Create your dataset
Intro
This low-code guide lets you create a Named Entity Recognition dataset, set up the labels, and upload your documents. To do this, you will need to complete the following steps:
- Prerequisites
- Set up the client
- Create the dataset
- Upload your documents
Prerequisites
This guide expects to have the SeeMe.ai Python SDK as well as muPDF installed:
pip install seeme
pip install pymupdf # to convert PDF to text
Set up the Client
You need the SeeMe.ai client to interact with the backend:
from seeme import Client
cl = Client()
username = "" # Add your username
password = "" # Add your password
cl.login(username, password)
For more details or login options, have a look at the Client docs.
Create Dataset
Create a named entity recognition dataset:
from seeme.types import Dataset, DatasetContentType
dataset = Dataset(
name="Entity recogntion",
multi_label=True, # so you can add multiple annotations to each document
default_splits=True, # already create train, valid, test dataset splits
content_type=ContentType.NER
)
dataset = cl.create_dataset(dataset)
ds_version = dataset.versions[0]
splits = ds_version.splits
For more details about datasets, have a look at the Dataset docs
Upload Documents
Once the dataset and labels - you can create additional labels later on - are created, you can start uploading your documents.

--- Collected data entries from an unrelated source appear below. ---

(* Let $X$ be a zero-dimensional compact metric space, $T:X\to X$ an aperiodic local homeomorphism, $N\ge1$ an integer and $m=2N$. Let $U\subseteq X$ be clopen and $V\subseteq X$ open such that: (1) the sets $T^{-2N+1}(\overline{U}),T^{-2N+2}(\overline{U}),\dots,T^{-N}(\overline{U})$ are pairwise disjoint, and $T^{-i}(T^i(U))=U$ for $i=1,\dots,N-1$; (2) the sets $T^{-2N+1}(T^N(\overline{V})),\dots,T^{-N}(T^N(\overline{V}))$ are pairwise disjoint; (3) there is $\eta>0$ such that for every $x\in\overline{V}$, every $y\in B(x,\eta)$ and every $1\le i\le N-1$, $T^{-i}(T^{i+N}(\{y\}))=\{T^N(y)\}$. Then there is a clopen set $W\subseteq X$ with $U\subseteq W$, $V\subseteq\bigcup_{0\le i\le m-1}T^{-i}(W)$, $T^{-i}(T^i(W))=W$ for $i=1,\dots,N-1$, and such that the sets $T^{-2N+1}(\overline{W}),\dots,T^{-N}(\overline{W})$ are pairwise disjoint.
   Context: $X$ zero-dimensional: every point has a base of clopen neighbourhoods. Aperiodic: no $x$ with $T^n(x)=x$ for some $n\ge1$. For $j\ge0$, $T^{-j}(A)$ is the preimage of $A$ under $T^j$. $B(x,\eta)$ is the open ball. *)

theory Defs
  imports "HOL-Analysis.Analysis"
begin

text \<open>The space X is the whole (compact) metric type 'a.\<close>

definition zero_dimensional :: "'a::topological_space itself \<Rightarrow> bool" where
  "zero_dimensional _ \<longleftrightarrow>
     (\<forall>x::'a. \<forall>S. open S \<and> x \<in> S \<longrightarrow> (\<exists>C. open C \<and> closed C \<and> x \<in> C \<and> C \<subseteq> S))"

definition local_homeomorphism :: "('a::topological_space \<Rightarrow> 'b::topological_space) \<Rightarrow> bool" where
  "local_homeomorphism T \<longleftrightarrow> continuous_on UNIV T \<and>
     (\<forall>x. \<exists>S. open S \<and> x \<in> S \<and> open (T ` S) \<and> (\<exists>g. homeomorphism S (T ` S) T g))"

definition aperiodic :: "('a \<Rightarrow> 'a) \<Rightarrow> bool" where
  "aperiodic T \<longleftrightarrow> (\<forall>x. \<forall>n::nat. n \<ge> 1 \<longrightarrow> (T ^^ n) x \<noteq> x)"

definition preim :: "('a \<Rightarrow> 'a) \<Rightarrow> nat \<Rightarrow> 'a set \<Rightarrow> 'a set" where
  "preim T j A = (T ^^ j) -` A"

end

theory Submission
  imports Defs
begin
definition Linf :: "'d::euclidean_space set \<Rightarrow> ('d \<Rightarrow> real) \<Rightarrow> bool" where
  "Linf D f \<longleftrightarrow> f \<in> borel_measurable (lebesgue_on D) \<and> (\<exists>C. AE x in lebesgue_on D. \<bar>f x\<bar> \<le> C)"

end

theory Submission
  imports Defs
begin

text \<open>A Schur test. Writing \<open>c\<^sub>\<nu>\<^sub>\<nu>' = \<integral>\<^sub>D a\<^sub>\<nu>\<^sub>\<nu>' \<nabla>v\<^sub>\<nu>' \<cdot> \<nabla>w\<^sub>\<nu>\<close>, Cauchy-Schwarz and
  the AM-GM inequality give, for every \<open>t > 0\<close>,
  \<open>\<Sum>\<^sub>\<nu>\<Sum>\<^sub>\<nu>' |c\<^sub>\<nu>\<^sub>\<nu>'| \<le> t/2 \<Sum>\<^sub>\<nu>\<Sum>\<^sub>\<nu>' \<integral>\<^sub>D |a\<^sub>\<nu>\<^sub>\<nu>'| |\<nabla>v\<^sub>\<nu>'|\<^sup>2 + 1/(2t) \<Sum>\<^sub>\<nu>\<Sum>\<^sub>\<nu>' \<integral>\<^sub>D |a\<^sub>\<nu>\<^sub>\<nu>'| |\<nabla>w\<^sub>\<nu>|\<^sup>2\<close>.
  Summing first over the index that does not carry the gradient (in the first term after using
  the symmetry of \<open>a\<close>), the row-sum bound \<open>M\<close> turns the right-hand side into
  \<open>M (t/2 \<parallel>v\<parallel>\<^sup>2 + 1/(2t) \<parallel>w\<parallel>\<^sup>2)\<close>, whose infimum over \<open>t\<close> is \<open>M \<parallel>v\<parallel> \<parallel>w\<parallel>\<close>.
  The series are handled as nonnegative integrals over counting measures: there Tonelli's theorem
  exchanges sums and integrals, and finiteness of the bound gives the absolute summability of the
  real series in \<open>Bform\<close>.\<close>

lemma ennreal_abs_integral_le_nn_integral:
  fixes f :: "'a \<Rightarrow> real"
  shows "ennreal \<bar>integral\<^sup>L M f\<bar> \<le> (\<integral>\<^sup>+x. ennreal \<bar>f x\<bar> \<partial>M)"
  using integral_norm_bound_ennreal[of M f] by (cases "integrable M f") (auto simp: not_integrable_integral_eq)
(* Let $\mathcal{M}$ be the set of compactly supported probability distributions on $\mathbb{R}$ and let $\mathcal{U}=\{T^u: u \text{ a utility function}\}$. Let $T:\mathcal{M}\to\mathcal{M}$ be monotone. Then $\mathcal{U}\circ T=T\circ\mathcal{U}$ if and only if $T=T_d\circ T^u$ for some distortion function $d$ and some utility function $u$ that is strictly increasing and surjective ($u(\mathbb{R})=\mathbb{R}$).
   Context: Increasing means non-decreasing. A distortion function is an increasing function $d:[0,1]\to[0,1]$ with $d(0)=0$, $d(1)=1$. A utility function is an increasing continuous $u:\mathbb{R}\to\mathbb{R}$. $T_d(F)(x)=\lim_{y\downarrow x}d(F(y))$; $T^u(F)=F\circ u^{-1}$ is the distribution of $u(X)$ when $X\sim F$. For a set $\mathcal{T}$ of maps $\mathcal{M}\to\mathcal{M}$, $\mathcal{T}\circ T=\{T'\circ T:T'\in\mathcal{T}\}$ and $T\circ\mathcal{T}=\{T\circ T':T'\in\mathcal{T}\}$. For $F,G\in\mathcal{M}$, $F\le_{\rm st}G$ means $F(x)\ge G(x)$ for all $x$; $T$ is monotone if $F\le_{\rm st}G$ implies $T(F)\le_{\rm st}T(G)$. *)

theory Defs
  imports Complex_Main
begin

text \<open>Distributions on the real line are represented by their distribution
functions F (right-continuous, increasing).\<close>

definition Mset :: "(real \<Rightarrow> real) set" where
  "Mset = {F. mono F \<and> (\<forall>x. continuous (at_right x) F) \<and>
              (\<exists>a b. \<forall>x. (x < a \<longrightarrow> F x = 0) \<and> (b \<le> x \<longrightarrow> F x = 1))}"
lemma has_integral_ln_reciprocal_pair:
  fixes a s :: real
  assumes a: "a > 0"
  shows "((\<lambda>x. ((x\<^sup>2 + a\<^sup>2) ^ (n + 1) + s * (x\<^sup>2 + (1 / a)\<^sup>2) ^ (n + 1))
              / ((x\<^sup>2 + a\<^sup>2) * (x\<^sup>2 + (1 / a)\<^sup>2)) ^ (n + 1) * ln x)
         has_integral - wallis n * (ln a * (a ^ (2 * n + 1) - s / a ^ (2 * n + 1))
                                    + oddharm n * (a ^ (2 * n + 1) + s / a ^ (2 * n + 1)))) {0<..}"
proof -
  have "((\<lambda>x. ln x / (x\<^sup>2 + (1 / a)\<^sup>2) ^ (n + 1) + s * (ln x / (x\<^sup>2 + a\<^sup>2) ^ (n + 1))) has_integral
      wallis n * (ln (1 / a) - oddharm n) / (1 / a) ^ (2 * n + 1)
      + s * (wallis n * (ln a - oddharm n) / a ^ (2 * n + 1))) {0<..}"
    using a by (intro has_integral_add has_integral_mult_right has_integral_ln_over_pow_sq_plus_sq) auto
  moreover have "((x\<^sup>2 + a\<^sup>2) ^ (n + 1) + s * (x\<^sup>2 + (1 / a)\<^sup>2) ^ (n + 1))
              / ((x\<^sup>2 + a\<^sup>2) * (x\<^sup>2 + (1 / a)\<^sup>2)) ^ (n + 1) * ln x
      = ln x / (x\<^sup>2 + (1 / a)\<^sup>2) ^ (n + 1) + s * (ln x / (x\<^sup>2 + a\<^sup>2) ^ (n + 1))" for x
  proof -
    have "(U + s * V) / (U * V) * l = l / V + s * (l / U)" if "U > 0" "V > 0" for U V l :: real
      using that by (simp add: field_simps)
    then show ?thesis
      unfolding power_mult_distrib using a by (simp add: add_nonneg_pos)
  qed
  moreover have "wallis n * (ln (1 / a) - oddharm n) / (1 / a) ^ (2 * n + 1)
      + s * (wallis n * (ln a - oddharm n) / a ^ (2 * n + 1))
      = - wallis n * (ln a * (a ^ (2 * n + 1) - s / a ^ (2 * n + 1))
                      + oddharm n * (a ^ (2 * n + 1) + s / a ^ (2 * n + 1)))"
    using a by (simp add: ln_div power_one_over field_simps)
  ultimately show ?thesis
    by simp
qed

lemma sum_binomial_lucas_even:
  fixes x :: real and m :: nat
  defines "a \<equiv> golden ^ (2 * m)"
  shows "(\<Sum>j=0..N. real (N choose j) * real (lucas (4 * m * (N - j))) * x ^ (2 * j))
       = (x\<^sup>2 + a\<^sup>2) ^ N + (x\<^sup>2 + (1 / a)\<^sup>2) ^ N"
proof -
  have "real (lucas (4 * m * k)) = (a\<^sup>2) ^ k + ((1 / a)\<^sup>2) ^ k" for k
  proof -
    have "4 * m * k = 2 * m * (2 * k)"
      by simp
    then show ?thesis
      unfolding a_def using lucas_even_mult[of m "2 * k"] by (simp only: power_mult)
  qed
  then show ?thesis
    by (simp add: sum_binomial_power_sq[symmetric] distrib_left distrib_right sum.distrib)
qed

lemma sum_binomial_fib_even:
  fixes x :: real and m :: nat
  defines "a \<equiv> golden ^ (2 * m)"
  shows "(\<Sum>j=0..N. real (N choose j) * real (fib (4 * m * (N - j))) * x ^ (2 * j))
       = ((x\<^sup>2 + a\<^sup>2) ^ N - (x\<^sup>2 + (1 / a)\<^sup>2) ^ N) / sqrt 5"
proof -
  have "real (fib (4 * m * k)) = ((a\<^sup>2) ^ k - ((1 / a)\<^sup>2) ^ k) / sqrt 5" for k
  proof -
    have "4 * m * k = 2 * m * (2 * k)"
      by simp
    then show ?thesis
      unfolding a_def using fib_even_mult[of m "2 * k"] by (simp only: power_mult)
  qed
  then show ?thesis
    by (simp add: sum_binomial_power_sq[symmetric] left_diff_distrib right_diff_distrib
        diff_divide_distrib sum_subtractf sum_divide_distrib)
qed

lemma quartic_lucas_factor:
  fixes x :: real and m :: nat
  defines "a \<equiv> golden ^ (2 * m)"
  shows "x ^ 4 + real (lucas (4 * m)) * x\<^sup>2 + 1 = (x\<^sup>2 + a\<^sup>2) * (x\<^sup>2 + (1 / a)\<^sup>2)"
proof -
  have "4 * m = 2 * m * 2"
    by simp
  then have lucas_4m: "real (lucas (4 * m)) = a\<^sup>2 + (1 / a)\<^sup>2"
    using lucas_even_mult[of m 2] by (simp only: a_def)
  have "a \<noteq> 0"
    using golden_pos by (simp add: a_def)
  then show ?thesis
    unfolding lucas_4m by (simp add: field_simps power2_eq_square power4_eq_xxxx)
qed

lemma has_integral_lucas_numerator:
  fixes m n :: nat
  shows "((\<lambda>x::real. (\<Sum>j=0..n+1. real (n+1 choose j) * real (lucas (4*m*(n+1-j))) * x^(2*j))
             / (x^4 + real (lucas (4*m)) * x^2 + 1)^(n+1) * ln x)
          has_integral
          (- real ((2*n) choose n) * pi / 2^(2*n+1)
             * (2 * real m * sqrt 5 * real (fib (2*m*(2*n+1))) * ln golden
                + oddharm n * real (lucas (2*m*(2*n+1)))))) {0<..}"
proof -
  define a where "a = golden ^ (2 * m)"
  let ?A = "a ^ (2 * n + 1)"
  have "a > 0"
    using golden_pos by (simp add: a_def)
  have "- wallis n * (ln a * (?A - 1 / ?A) + oddharm n * (?A + 1 / ?A))
      = - real ((2*n) choose n) * pi / 2^(2*n+1)
          * (2 * real m * sqrt 5 * real (fib (2*m*(2*n+1))) * ln golden
             + oddharm n * real (lucas (2*m*(2*n+1))))"
    using golden_pos lucas_even_mult[of m "2 * n + 1"] fib_even_mult[of m "2 * n + 1"]
    by (simp add: wallis_def a_def ln_realpow power_one_over)
  with has_integral_ln_reciprocal_pair[OF \<open>a > 0\<close>, of n 1] show ?thesis
    unfolding sum_binomial_lucas_even quartic_lucas_factor a_def[symmetric] by simp
qed

lemma has_integral_fib_numerator:
  fixes m n :: nat
  shows "((\<lambda>x::real. (\<Sum>j=0..n+1. real (n+1 choose j) * real (fib (4*m*(n+1-j))) * x^(2*j))
             / (x^4 + real (lucas (4*m)) * x^2 + 1)^(n+1) * ln x)
          has_integral
          (- real ((2*n) choose n) * pi / 2^(2*n+1)
             * (2 * real m / sqrt 5 * real (lucas (2*m*(2*n+1))) * ln golden
                + oddharm n * real (fib (2*m*(2*n+1)))))) {0<..}"
proof -
  define a where "a = golden ^ (2 * m)"
  let ?A = "a ^ (2 * n + 1)"
  have "a > 0"
    using golden_pos by (simp add: a_def)
  have closed_form: "- wallis n * (ln a * (?A - - 1 / ?A) + oddharm n * (?A + - 1 / ?A)) / sqrt 5
      = - real ((2*n) choose n) * pi / 2^(2*n+1)
          * (2 * real m / sqrt 5 * real (lucas (2*m*(2*n+1))) * ln golden
             + oddharm n * real (fib (2*m*(2*n+1))))"
  proof -
    have lucas_odd: "real (lucas (2 * m * (2 * n + 1))) = ?A + 1 / ?A"
      and fib_odd: "real (fib (2 * m * (2 * n + 1))) = (?A - 1 / ?A) / sqrt 5"
      using lucas_even_mult[of m "2 * n + 1"] fib_even_mult[of m "2 * n + 1"]
      by (simp_all only: a_def power_one_over)
    have ln_a: "ln a = 2 * real m * ln golden"
      using golden_pos by (simp add: a_def ln_realpow)
    show ?thesis
      unfolding lucas_odd fib_odd ln_a wallis_def using \<open>a > 0\<close> by (simp add: field_simps)
  qed
  have shape: "u / v * l / w = u / w / v * l" for u v w l :: real
    by (simp add: divide_inverse ac_simps)
  have "((\<lambda>x. ((x\<^sup>2 + a\<^sup>2) ^ (n + 1) + - 1 * (x\<^sup>2 + (1 / a)\<^sup>2) ^ (n + 1)) / sqrt 5
        / ((x\<^sup>2 + a\<^sup>2) * (x\<^sup>2 + (1 / a)\<^sup>2)) ^ (n + 1) * ln x) has_integral
      - wallis n * (ln a * (?A - - 1 / ?A) + oddharm n * (?A + - 1 / ?A)) / sqrt 5) {0<..}"
    using has_integral_divide[OF has_integral_ln_reciprocal_pair[OF \<open>a > 0\<close>, of n "- 1"], of "sqrt 5"]
    by (simp only: shape)
  with closed_form show ?thesis
    unfolding sum_binomial_fib_even quartic_lucas_factor a_def[symmetric] by simp
qed
(* Let $\varepsilon\in\mathbb C$ and $(\beta_k)_{k\in\mathbb Z}$ be generic, and let $(x_k^n)_{k,n\in\mathbb Z}$ be a generic solution of the discrete elliptic Toda system on the triangular lattice $$F(x_k^n,x_k^{n+1};\varepsilon)\,F(x_k^n,x_{k-1}^{n+1};\beta_{k-1}-\varepsilon)\,F(x_k^n,x_k^{n-1};\varepsilon)\,F(x_k^n,x_{k+1}^{n-1};\beta_k-\varepsilon)=F(x_k^n,x_{k+1}^n;\beta_k)\,F(x_k^n,x_{k-1}^n;\beta_{k-1})$$ for all $k,n$. Choose $p_k^n$ and $G_k^n$ with $$e^{2p_k^n}=F(x_k^n,x_k^{n-1};\varepsilon)F(x_k^n,x_{k+1}^{n-1};\beta_k-\varepsilon),\qquad e^{2\varepsilon G_k^n}=\frac{F(x_k^n,x_{k-1}^n;\beta_{k-1})}{F(x_k^n,x_{k-1}^{n+1};\beta_{k-1}-\varepsilon)},$$ and put $L_k^n=e^{p_k^n}M(x_k^n,\beta_k;\lambda)+e^{-p_k^n}M(x_k^n,-\beta_k;-\lambda)$, $V_k^n=e^{\varepsilon G_k^n}M(x_k^n,\varepsilon;\lambda)+e^{-\varepsilon G_k^n}M(x_k^n,-\varepsilon;-\lambda)$. Then for all $k,n$ and generic $\lambda$, the matrices $L_k^{n+1}V_k^n$ and $V_{k+1}^nL_k^n$ are proportional (i.e. they define the same Möbius transformation).
   Context: $\wp,\sigma$: Weierstrass functions (invariants $g_2,g_3$, nondegenerate). $F(x_0,x_1;\alpha)=\frac{\sigma(x_0+x_1+\alpha)\sigma(x_0-x_1+\alpha)}{\sigma(x_0+x_1-\alpha)\sigma(x_0-x_1-\alpha)}$. $$M(x,\beta;\lambda)=\frac{\sigma^2(x+\lambda-\beta)\sigma^2(x-\lambda)}{\sigma(2x)\sigma(2\lambda)}\begin{pmatrix}-\wp(x+\lambda-\beta) & \wp(x+\lambda-\beta)\wp(x-\lambda)\\ -1 & \wp(x-\lambda)\end{pmatrix}.$$ *)

theory Defs
  imports "HOL-Analysis.Analysis"
begin

text \<open>Weierstrass functions for the period lattice generated by w1, w2
  (with Im (w2 / w1) \<noteq> 0). Every nondegenerate pair of invariants (g2, g3)
  arises from such a lattice, so this parametrisation covers the paper's setting.\<close>

definition lat_pt :: "complex \<Rightarrow> complex \<Rightarrow> int \<Rightarrow> int \<Rightarrow> complex" where
  "lat_pt w1 w2 m n = of_int m * w1 + of_int n * w2"

definition lat_box :: "nat \<Rightarrow> (int \<times> int) set" where
  "lat_box N = ({- int N..int N} \<times> {- int N..int N}) - {(0, 0)}"

definition wsigma :: "complex \<Rightarrow> complex \<Rightarrow> complex \<Rightarrow> complex" where
  "wsigma w1 w2 z = lim (\<lambda>N. z * (\<Prod>(m, n)\<in>lat_box N.
      (let w = lat_pt w1 w2 m n in (1 - z / w) * exp (z / w + z\<^sup>2 / (2 * w\<^sup>2)))))"

definition wp :: "complex \<Rightarrow> complex \<Rightarrow> complex \<Rightarrow> complex" where
  "wp w1 w2 z = 1 / z\<^sup>2 + lim (\<lambda>N. (\<Sum>(m, n)\<in>lat_box N.
      (let w = lat_pt w1 w2 m n in 1 / (z - w)\<^sup>2 - 1 / w\<^sup>2)))"

definition wF :: "complex \<Rightarrow> complex \<Rightarrow> complex \<Rightarrow> complex \<Rightarrow> complex \<Rightarrow> complex" where
  "wF w1 w2 x0 x1 a =
     (wsigma w1 w2 (x0 + x1 + a) * wsigma w1 w2 (x0 - x1 + a)) /
     (wsigma w1 w2 (x0 + x1 - a) * wsigma w1 w2 (x0 - x1 - a))"

text \<open>Genericity of the arguments of F: all sigma factors are nonzero.\<close>
definition wF_ok :: "complex \<Rightarrow> complex \<Rightarrow> complex \<Rightarrow> complex \<Rightarrow> complex \<Rightarrow> bool" where
  "wF_ok w1 w2 x0 x1 a \<longleftrightarrow>
     wsigma w1 w2 (x0 + x1 + a) \<noteq> 0 \<and> wsigma w1 w2 (x0 - x1 + a) \<noteq> 0 \<and>
     wsigma w1 w2 (x0 + x1 - a) \<noteq> 0 \<and> wsigma w1 w2 (x0 - x1 - a) \<noteq> 0"

definition mat2 :: "complex \<Rightarrow> complex \<Rightarrow> complex \<Rightarrow> complex \<Rightarrow> complex^2^2" where
  "mat2 a b c d = vector [vector [a, b], vector [c, d]]"

definition msc :: "complex \<Rightarrow> complex^2^2 \<Rightarrow> complex^2^2" (infixl \<open>*\<^sub>m\<close> 70) where
  "c *\<^sub>m A = (\<chi> i j. c * A $ i $ j)"

definition wM :: "complex \<Rightarrow> complex \<Rightarrow> complex \<Rightarrow> complex \<Rightarrow> complex \<Rightarrow> complex^2^2" where
  "wM w1 w2 x b l =
     ((wsigma w1 w2 (x + l - b))\<^sup>2 * (wsigma w1 w2 (x - l))\<^sup>2 /
      (wsigma w1 w2 (2 * x) * wsigma w1 w2 (2 * l))) *\<^sub>m
     mat2 (- wp w1 w2 (x + l - b)) (wp w1 w2 (x + l - b) * wp w1 w2 (x - l))
          (-1) (wp w1 w2 (x - l))"

definition wL :: "complex \<Rightarrow> complex \<Rightarrow> complex \<Rightarrow> complex \<Rightarrow> complex \<Rightarrow> complex \<Rightarrow> complex^2^2" where
  "wL w1 w2 p x b l = exp p *\<^sub>m wM w1 w2 x b l + exp (- p) *\<^sub>m wM w1 w2 x (- b) (- l)"

definition wV :: "complex \<Rightarrow> complex \<Rightarrow> complex \<Rightarrow> complex \<Rightarrow> complex \<Rightarrow> complex \<Rightarrow> complex^2^2" where
  "wV w1 w2 eps G x l = exp (eps * G) *\<^sub>m wM w1 w2 x eps l + exp (- (eps * G)) *\<^sub>m wM w1 w2 x (- eps) (- l)"

end

theory Submission
  imports Defs "HOL-Complex_Analysis.Complex_Analysis"
begin

(* Up to the factor 1/(sigma(2x) sigma(2 lambda)), the matrix M(x,b;lambda) is the column
   c(x+lambda-b) = sigma^2 (wp, 1) times the row r(x-lambda) = sigma^2 (-1, wp), and the addition
   formula wp(u) - wp(v) = -sigma(u+v) sigma(u-v) / (sigma(u)^2 sigma(v)^2) says that r(q) c(p) is
   the bracket [p,q] = sigma(p+q) sigma(p-q).  Hence L(p,x,b) maps c(x+lambda) to e^p c(x+lambda-b)
   and c(x-lambda) to e^(-p) c(x-lambda+b), and V is an L with b = eps.  Both products L V and V L
   are therefore determined by their values on the columns c(x +- lambda), and these can be
   compared against the rows r(z +- (lambda - eps)), which V(z) maps to multiples of
   r(z +- lambda).  Each of the four scalar identities obtained is the three-term relation
   [a,b][c,d] + [a,c][d,b] + [a,d][b,c] = 0 for sigma, once the Toda equation and the definitions
   of p and G (which fix the squares of the exponentials) are used to match the coefficients; the
   proportionality factor is an explicit product of exponentials and sigma values.

   sigma and wp are the lattice product and sum of the definitions; the addition formula follows
   from Liouville's theorem: u |-> wp(u) - wp(v) + sigma(u+v) sigma(u-v) / (sigma(u)^2 sigma(v)^2)
   is elliptic, its singularities at the lattice points are removable, and it vanishes at u = v. *)

lemma int_multiple_shift_invariant:
  fixes f :: "'a::ring_1 \<Rightarrow> 'b"
  assumes f: "\<And>z. P z \<Longrightarrow> f (z + w) = f z" and P: "\<And>z. P (z + w) \<longleftrightarrow> P z" and z: "P z"
  shows "P (z + of_int n * w) \<and> f (z + of_int n * w) = f z"
proof (induction n rule: int_induct[where k = 0])
  case base
  thus ?case using z by simp
next
  case (step1 i)
  have e: "z + of_int (i + 1) * w = (z + of_int i * w) + w" by (simp add: algebra_simps)
  show ?case unfolding e using step1(2) f P by simp
next
  case (step2 i)
  have e: "z + of_int i * w = (z + of_int (i - 1) * w) + w" by (simp add: algebra_simps)
  have "P (z + of_int (i - 1) * w)" using step2(2) P unfolding e by simp
  thus ?case using step2(2) f[of "z + of_int (i - 1) * w"] unfolding e by simp
qed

The NER dataset expects the dataset items to contain text information. In the case of PDF documents, we will need to convert them to text. Here we will use mupdf to extract all text from the PDF, before creating the dataset item:
import os
import glob
import fitz
# define the file location
pdf_folder = "pdf_files"
train_split = [split for split in splits if split.name == "train"][0]
for filename in glob.glob(f"{pdf_folder}/*.pdf"):
text = ""
doc = fitz.open(filename)
for page in doc:
text += page.get_text()
ds_item = DatasetItem(
name = filename,
text = text,
splits = [train_split],
extension = "txt"
)
cl.create_dataset_item(dataset.id, ds_version.id, ds_item)